In the analyses that were run only with children with ADHD, verbal focused attention/short-term memory and rapid naming were significant predictors of Coding, and inhibition displayed a trend, but verbal working memory lost significance. Of the predictor variables, inhibition (rule violations) and verbal working memory (Sequences) differed significantly between groups. When only children with ADHD were used, many children with better functioning on these measures (controls) were removed from the analysis, limiting the measures’ ability to predict Coding functioning. Verbal focused attention/short-term memory and rapid naming remained significant predictors across the two analyses, suggesting their importance in Coding performance across those with and without attention problems. Therefore, poor verbal short-term memory/focused attention and slow rapid retrieval may correspond with the deficits found in Coding in ADHD. Poor impulse control and verbal working memory may as well given our results from the total sample. Although Coding is often thought of as a visual task, it is clear that verbal processes may contribute to/correspond with performance on this task.

It was hypothesized that the predictors of cognitive speed (Decision Speed) would include verbal focused attention/short-term memory, verbal working memory, inhibition, and naming speed based upon face valid task demands, as literature on this measure in ADHD was not found. Analyses revealed that only fine motor dexterity and rapid naming were significant predictors of decision speed. Given the largely unexpected nature of these findings, it is possible that the independent variables used were not as appropriate for Decision Speed as they were for Symbol Search and Coding. More specifically, although the overall model was significant, the fit was better for the Symbol Search and Coding models than the Decision Speed model. With regard to rapid naming, it seems clear that the ability to rapidly retrieve information is an important predictor across a variety of PS tasks. The relationship between naming and PS also may be due to both types of measures being timed. Fine motor dexterity (Grooved Pegboard) is more difficult to justify, however, given that it seemingly would be more important for the fine motor demands of Coding than Decision Speed, which only requires slashes. Nevertheless, Grooved Pegboard is a timed measure, and the speeded nature of the task might have yielded its relation to Decision Speed in the face of few better predictors being available. In addition, executive functioning measures were not significant, suggesting that these variables are not predictive of semantic decision speed in a mixed sample of children, but there may better predictors than what were included in this study. There was no known published research on the predictors of Decision Speed to draw upon, so our findings may help springboard future research in this area. As Decision Speed had significant zero-order correlations with visual-spatial short-term memory and verbal working memory, further investigation of these variables, along with rapid naming, is warranted in a future study.

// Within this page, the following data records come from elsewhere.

(* Let $d\ge0$ and let $f\colon\{0,1\}^m\to\{0,1\}^n$ be a $d$-local function. Then there exist a set $S\subseteq[m]$ and numbers $r,t$ with $$|S|\le\frac{r}{2^{28t-18}},\qquad r\ge\frac{n}{\mathrm{tow}_2(16d)},\qquad t\le\mathrm{tow}_2(16d),$$ such that for every fixing $\rho\in\{0,1\}^S$ of the input bits in $S$, the restricted function $f_\rho\colon\{0,1\}^{[m]\setminus S}\to\{0,1\}^n$ is $(d,r,t)$-local.
   Context: A function is $d$-local if each output bit depends on at most $d$ input bits; $I_g(i)$ is the set of input coordinates on which output $i$ of $g$ depends. $f_\rho(z')=f(\rho,z')$. $N_g(i)=\{j: I_g(j)\cap I_g(i)\neq\emptyset\}$. Neighborhoods $N_g(i_1),\dots,N_g(i_r)$ are non-connected if the sets $\bigcup_{j\in N_g(i_a)}I_g(j)$ are pairwise disjoint. $g$ is $(d,r,t)$-local if it is $d$-local and has $r$ non-connected neighborhoods each of size at most $t$. $\mathrm{tow}_2(0)=1$, $\mathrm{tow}_2(h)=2^{\mathrm{tow}_2(h-1)}$. *)

theory Defs
  imports Complex_Main
begin

text \<open>Inputs with coordinate set D: boolean assignments that are False outside D
  (so {0,1}^D is represented faithfully). Outputs are the bits 0..n-1 of a nat => bool.\<close>

definition inputs :: "nat set \<Rightarrow> (nat \<Rightarrow> bool) set" where
  "inputs D = {x. \<forall>k. k \<notin> D \<longrightarrow> \<not> x k}"

definition dep :: "((nat \<Rightarrow> bool) \<Rightarrow> (nat \<Rightarrow> bool)) \<Rightarrow> nat set \<Rightarrow> nat \<Rightarrow> nat set" where
  "dep g D i = {j \<in> D. \<exists>x \<in> inputs D. g x i \<noteq> g (x(j := \<not> x j)) i}"

definition is_local :: "((nat \<Rightarrow> bool) \<Rightarrow> (nat \<Rightarrow> bool)) \<Rightarrow> nat set \<Rightarrow> nat \<Rightarrow> nat \<Rightarrow> bool" where
  "is_local g D n d \<longleftrightarrow> (\<forall>i<n. card (dep g D i) \<le> d)"

definition nbhd :: "((nat \<Rightarrow> bool) \<Rightarrow> (nat \<Rightarrow> bool)) \<Rightarrow> nat set \<Rightarrow> nat \<Rightarrow> nat \<Rightarrow> nat set" where
  "nbhd g D n i = {j. j < n \<and> dep g D j \<inter> dep g D i \<noteq> {}}"

definition nbhd_inputs :: "((nat \<Rightarrow> bool) \<Rightarrow> (nat \<Rightarrow> bool)) \<Rightarrow> nat set \<Rightarrow> nat \<Rightarrow> nat \<Rightarrow> nat set" where
  "nbhd_inputs g D n i = (\<Union>j \<in> nbhd g D n i. dep g D j)"

definition drt_local :: "((nat \<Rightarrow> bool) \<Rightarrow> (nat \<Rightarrow> bool)) \<Rightarrow> nat set \<Rightarrow> nat \<Rightarrow> nat \<Rightarrow> nat \<Rightarrow> nat \<Rightarrow> bool" where
  "drt_local g D n d r t \<longleftrightarrow> is_local g D n d \<and>
     (\<exists>A \<subseteq> {..<n}. card A = r \<and> (\<forall>a \<in> A. card (nbhd g D n a) \<le> t) \<and>
        (\<forall>a \<in> A. \<forall>b \<in> A. a \<noteq> b \<longrightarrow> nbhd_inputs g D n a \<inter> nbhd_inputs g D n b = {}))"

definition restr :: "((nat \<Rightarrow> bool) \<Rightarrow> (nat \<Rightarrow> bool)) \<Rightarrow> nat set \<Rightarrow> (nat \<Rightarrow> bool) \<Rightarrow> (nat \<Rightarrow> bool) \<Rightarrow> (nat \<Rightarrow> bool)" where
  "restr f S \<rho> = (\<lambda>z. f (\<lambda>k. if k \<in> S then \<rho> k else z k))"

fun tow2 :: "nat \<Rightarrow> nat" where
  "tow2 0 = 1"
| "tow2 (Suc h) = 2 ^ tow2 h"

end

theory Submission
  imports Defs "HOL-Library.Disjoint_Sets"
begin

text \<open>Thresholds
  0 = K 0 < K 1 < ... < K (d+1) are chosen growing like a tower.  Every output has at most d
  inputs, so for some j at least n/(d+1) outputs have no input whose degree lies in
  (K j, K (j+1)].  Fixing the at most n d / K (j+1) inputs of degree above K (j+1) leaves
  these outputs with neighbourhoods of size at most t = d K j.  A greedy phase then extracts
  outputs with pairwise disjoint neighbourhood inputs: while a maximal disjoint subfamily is
  too small, all inputs it covers are fixed, which shrinks every remaining neighbourhood, so
  at most d t rounds are needed.  The gap between K j and K (j+1) pays for all fixed inputs,
  and fixing inputs only removes dependencies, so the outputs stay isolated in every
  restriction.\<close>

section \<open>Neighbourhoods after fixing inputs\<close>

lemma dep_restr_subset:
  assumes "S \<subseteq> D" and "\<rho> \<in> inputs S"
  shows "dep (restr f S \<rho>) (D - S) i \<subseteq> dep f D i - S"
proof
  fix j assume "j \<in> dep (restr f S \<rho>) (D - S) i"
  then obtain z where j: "j \<in> D - S" and z: "z \<in> inputs (D - S)"
    and flip: "restr f S \<rho> z i \<noteq> restr f S \<rho> (z(j := \<not> z j)) i"
    unfolding dep_def by auto
  define x where "x = (\<lambda>k. if k \<in> S then \<rho> k else z k)"
  have "x \<in> inputs D" using z assms unfolding x_def inputs_def by auto
  moreover have "(\<lambda>k. if k \<in> S then \<rho> k else (z(j := \<not> z j)) k) = x(j := \<not> x j)"
    using j unfolding x_def by (auto simp: fun_eq_iff)
  then have "f x i \<noteq> f (x(j := \<not> x j)) i"
    using flip unfolding restr_def x_def by simp
  ultimately show "j \<in> dep f D i - S"
    using j unfolding dep_def by blast
qed

text \<open>N(b) and the inputs of its members, for the dependency sets e with the fixed inputs S
  removed; for e = dep f D they contain the corresponding sets of every restriction of f.\<close>

definition nbhd_avoiding :: "(nat \<Rightarrow> 'a set) \<Rightarrow> nat \<Rightarrow> 'a set \<Rightarrow> nat \<Rightarrow> nat set" where
  "nbhd_avoiding e n S b = {c. c < n \<and> (e c - S) \<inter> (e b - S) \<noteq> {}}"

definition nbhd_inputs_avoiding :: "(nat \<Rightarrow> 'a set) \<Rightarrow> nat \<Rightarrow> 'a set \<Rightarrow> nat \<Rightarrow> 'a set" where
  "nbhd_inputs_avoiding e n S b = (\<Union>c \<in> nbhd_avoiding e n S b. e c - S)"

lemma nbhd_avoiding_antimono: "S \<subseteq> S' \<Longrightarrow> nbhd_avoiding e n S' b \<subseteq> nbhd_avoiding e n S b"
  unfolding nbhd_avoiding_def by auto

lemma nbhd_inputs_avoiding_antimono:
  "S \<subseteq> S' \<Longrightarrow> nbhd_inputs_avoiding e n S' b \<subseteq> nbhd_inputs_avoiding e n S b - S'"
  unfolding nbhd_inputs_avoiding_def nbhd_avoiding_def by blast

definition isolated_outputs :: "(nat \<Rightarrow> 'a set) \<Rightarrow> nat \<Rightarrow> 'a set \<Rightarrow> nat \<Rightarrow> nat set \<Rightarrow> bool" where
  "isolated_outputs e n S t A \<longleftrightarrow> A \<subseteq> {..<n} \<and> (\<forall>a\<in>A. card (nbhd_avoiding e n S a) \<le> t) \<and>
     disjoint_family_on (nbhd_inputs_avoiding e n S) A"

lemma drt_local_restr:
  assumes loc: "is_local f D n d" and "finite D" and "S \<subseteq> D" and "\<rho> \<in> inputs S"
    and "isolated_outputs (dep f D) n S t A"
  shows "drt_local (restr f S \<rho>) (D - S) n d (card A) t"
proof -
  have "A \<subseteq> {..<n}" and nbhd_le: "\<forall>a\<in>A. card (nbhd_avoiding (dep f D) n S a) \<le> t"
    and disj: "disjoint_family_on (nbhd_inputs_avoiding (dep f D) n S) A"
    using assms(5) unfolding isolated_outputs_def by blast+
  define g where "g = restr f S \<rho>"
  have dep_sub: "dep g (D - S) i \<subseteq> dep f D i - S" for i
    unfolding g_def using dep_restr_subset[OF \<open>S \<subseteq> D\<close> \<open>\<rho> \<in> inputs S\<close>] .
  have fin: "finite (dep f D i)" for i
    using \<open>finite D\<close> unfolding dep_def by auto
  have "card (dep g (D - S) i) \<le> d" if "i < n" for i
    using card_mono[OF fin, of "dep g (D - S) i"] dep_sub[of i] loc that
    unfolding is_local_def by fastforce
  then have local: "is_local g (D - S) n d"
    unfolding is_local_def by blast
  have "nbhd g (D - S) n a \<subseteq> nbhd_avoiding (dep f D) n S a" for a
    unfolding nbhd_def nbhd_avoiding_def using dep_sub by blast
  moreover have "finite (nbhd_avoiding (dep f D) n S a)" for a
    unfolding nbhd_avoiding_def by simp
  ultimately have card_le: "card (nbhd g (D - S) n a) \<le> t" if "a \<in> A" for a
    using card_mono nbhd_le that order_trans by metis
  have "nbhd_inputs g (D - S) n a \<subseteq> nbhd_inputs_avoiding (dep f D) n S a" for a
    unfolding nbhd_inputs_def nbhd_inputs_avoiding_def nbhd_def nbhd_avoiding_def
    using dep_sub by blast
  then have disj': "nbhd_inputs g (D - S) n a \<inter> nbhd_inputs g (D - S) n b = {}"
    if "a \<in> A" "b \<in> A" "a \<noteq> b" for a b
    using disj that unfolding disjoint_family_on_def by blast
  have "drt_local g (D - S) n d (card A) t"
    unfolding drt_local_def
  proof (intro conjI exI[of _ A] ballI impI)
    show "card (nbhd g (D - S) n a) \<le> t" if "a \<in> A" for a
      using card_le that .
  qed (use local \<open>A \<subseteq> {..<n}\<close> disj' in auto)
  then show ?thesis
    unfolding g_def .
qed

Within the ADHD sample, visual attention/short-term memory was significant, and rapid naming and fine motor dexterity were no longer significant. As groups did not differ in dexterity, range issues likely are an insufficient explanation for this effect. What may be the case is that controls and ADHD groups rely on differing processes to make category decisions quickly. Children with ADHD may rely on simple visual attention/short-term memory more heavily to perform Decision Speed, along with other processes that were not assessed. As Decision Speed was not related to either the inattention or hyperactive/impulsive dimension in our subtype study (manuscript submitted for publication), more work on this measure in ADHD is warranted to understand its determinants.

In terms of the predictors of output speed, inhibition and verbal working memory were significant in the total sample, and rapid naming, perseverative errors, and fine motor dexterity displayed a trend. Impulse control and working memory/shift may be important for speeded psychomotor performance (Coding Copy). A child who struggles with executive functioning may respond in a haphazard manner, pay poor attention to detail, and not self-regulate performance well (e.g., have poor pacing and not switch well between symbols), leading to slow and/or inaccurate performance. These results are consistent with past findings on psychomotor slowing in ADHD in that it may be specific to neurodevelopmental impulsivity and less commonly found when comparing other psychiatric groups (i.e., mood, anxiety and oppositional defiant disorders) to controls (Mayes & Calhoun, 2007; Sabri et al., 2016; Walker, Shores, Trollor, Lee & Sachdev, 2000). Alternatively, given that Coding always was administered prior to Coding Copy following the WISC Integrated manual’s procedures, it is possible that children with more efficient working memory were able to encode the symbols better during Coding and, thus, perform better on Coding Copy. This hypothesis could be tested in future research by counterbalancing Coding and Coding Copy to negate possible order effects. Furthermore, more research with a larger, more impaired sample is needed to determine whether fine motor dexterity is related to psychomotor speed in ADHD.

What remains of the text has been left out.